▶

lemma coxeter_elem_orbit_bij:
  assumes "coxeter_elem n c"
  shows "bij_betw (\<lambda>k. (c ^^ k) 1) {0..n} {1..Suc n}"
proof -
  obtain ws where ws: "distinct ws" "set ws = {1..n}" "c = transp_word ws"
    using assms unfolding coxeter_elem_transp_word by blast
  then have "c ` {1..Suc n} = {1..Suc n}" using transp_word_image[of ws "Suc n"] by auto
  then show ?thesis
    using funpow_transitive_on_orbit_bij inj_transp_word coxeter_word_transitive ws by simp
qed

lemma Lset_orbit:
  assumes inj: "inj_on (\<lambda>k. (c ^^ k) 1) {0..n}" and m: "m \<le> n" "(c ^^ m) 1 = Suc n" "m \<noteq> 0"
  shows "Lset n c = (\<lambda>k. (c ^^ k) 1) ` {0..<m}"
proof -
  let ?orb = "\<lambda>k. (c ^^ k) 1"
  have hit: "?orb j = Suc n \<longleftrightarrow> j = m" if "j \<le> n" for j
    using inj_onD[OF inj, of j m] m that by auto
  have "Lc n c = ?orb ` {1..<m}"
  proof (intro set_eqI iffI)
    fix x assume "x \<in> Lc n c"
    then obtain k where k: "x = ?orb k" "0 < k" "k \<le> n" "\<forall>j\<le>k. ?orb j \<noteq> Suc n"
      unfolding Lc_def by auto
    then have "k < m" using m(2) by (meson not_le)
    with k show "x \<in> ?orb ` {1..<m}" by auto
  next
    fix x assume "x \<in> ?orb ` {1..<m}"
    then obtain k where k: "x = ?orb k" "0 < k" "k < m" by auto
    then have "\<forall>j\<le>k. ?orb j \<noteq> Suc n" using hit m(1) by auto
    with k m(1) show "x \<in> Lc n c" unfolding Lc_def by auto
  qed
  moreover have "{0..<m} = insert 0 {1..<m}" using m(3) by auto
  ultimately show ?thesis unfolding Lset_def by auto
qed

lemma Rset_orbit:
  assumes inj: "inj_on (\<lambda>k. (c ^^ k) 1) {0..n}" and m: "m \<le> n" "(c ^^ m) 1 = Suc n"
  shows "Rset n c = (\<lambda>k. (c ^^ k) 1) ` {m..n}"
proof -
  let ?orb = "\<lambda>k. (c ^^ k) 1"
  have hit: "?orb j = Suc n \<longleftrightarrow> j = m" if "j \<le> n" for j
    using inj_onD[OF inj, of j m] m that by auto
  have "Rc n c = ?orb ` {m<..n}"
  proof (intro set_eqI iffI)
    fix x assume "x \<in> Rc n c"
    then obtain k j where "x = ?orb k" "k \<le> n" "j < k" "?orb j = Suc n"
      unfolding Rc_def by auto
    with hit show "x \<in> ?orb ` {m<..n}" by auto
  next
    fix x assume "x \<in> ?orb ` {m<..n}"
    then obtain k where "x = ?orb k" "m < k" "k \<le> n" by auto
    with m(2) show "x \<in> Rc n c" unfolding Rc_def by auto
  qed
  moreover have "{m..n} = insert m {m<..n}" using m(1) by auto
  ultimately show ?thesis unfolding Rset_def using m(2) by auto
qed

◀

PROBLEM REQUIREMENTS – Line by line, reproduce the records above exactly.

RESPONSE AREA –
lemma coxeter_elem_orbit_bij:
  assumes "coxeter_elem n c"
  shows "bij_betw (\<lambda>k. (c ^^ k) 1) {0..n} {1..Suc n}"
proof -
  obtain ws where ws: "distinct ws" "set ws = {1..n}" "c = transp_word ws"
    using assms unfolding coxeter_elem_transp_word by blast
  then have "c ` {1..Suc n} = {1..Suc n}" using transp_word_image[of ws "Suc n"] by auto
  then show ?thesis
    using funpow_transitive_on_orbit_bij inj_transp_word coxeter_word_transitive ws by simp
qed

lemma Lset_orbit:
  assumes inj: "inj_on (\<lambda>k. (c ^^ k) 1) {0..n}" and m: "m \<le> n" "(c ^^ m) 1 = Suc n" "m \<noteq> 0"
  shows "Lset n c = (\<lambda>k. (c ^^ k) 1) ` {0..<m}"
proof -
  let ?orb = "\<lambda>k. (c ^^ k) 1"
  have hit: "?orb j = Suc n \<longleftrightarrow> j = m" if "j \<le> n" for j
    using inj_onD[OF inj, of j m] m that by auto
  have "Lc n c = ?orb ` {1..<m}"
  proof (intro set_eqI iffI)
    fix x assume "x \<in> Lc n c"
    then obtain k where k: "x = ?orb k" "0 < k" "k \<le> n" "\<forall>j\<le>k. ?orb j \<noteq> Suc n"
      unfolding Lc_def by auto
    then have "k < m" using m(2) by (meson not_le)
    with k show "x \<in> ?orb ` {1..<m}" by auto
  next
    fix x assume "x \<in> ?orb ` {1..<m}"
    then obtain k where k: "x = ?orb k" "0 < k" "k < m" by auto
    then have "\<forall>j\<le>k. ?orb j \<noteq> Suc n" using hit m(1) by auto
    with k m(1) show "x \<in> Lc n c" unfolding Lc_def by auto
  qed
  moreover have "{0..<m} = insert 0 {1..<m}" using m(3) by auto
  ultimately show ?thesis unfolding Lset_def by auto
qed

lemma Rset_orbit:
  assumes inj: "inj_on (\<lambda>k. (c ^^ k) 1) {0..n}" and m: "m \<le> n" "(c ^^ m) 1 = Suc n"
  shows "Rset n c = (\<lambda>k. (c ^^ k) 1) ` {m..n}"
proof -
  let ?orb = "\<lambda>k. (c ^^ k) 1"
  have hit: "?orb j = Suc n \<longleftrightarrow> j = m" if "j \<le> n" for j
    using inj_onD[OF inj, of j m] m that by auto
  have "Rc n c = ?orb ` {m<..n}"
  proof (intro set_eqI iffI)
    fix x assume "x \<in> Rc n c"
    then obtain k j where "x = ?orb k" "k \<le> n" "j < k" "?orb j = Suc n"
      unfolding Rc_def by auto
    with hit show "x \<in> ?orb ` {m<..n}" by auto
  next
    fix x assume "x \<in> ?orb ` {m<..n}"
    then obtain k where "x = ?orb k" "m < k" "k \<le> n" by auto
    with m(2) show "x \<in> Rc n c" unfolding Rc_def by auto
  qed
  moreover have "{m..n} = insert m {m<..n}" using m(1) by auto
  ultimately show ?thesis unfolding Rset_def using m(2) by auto
qed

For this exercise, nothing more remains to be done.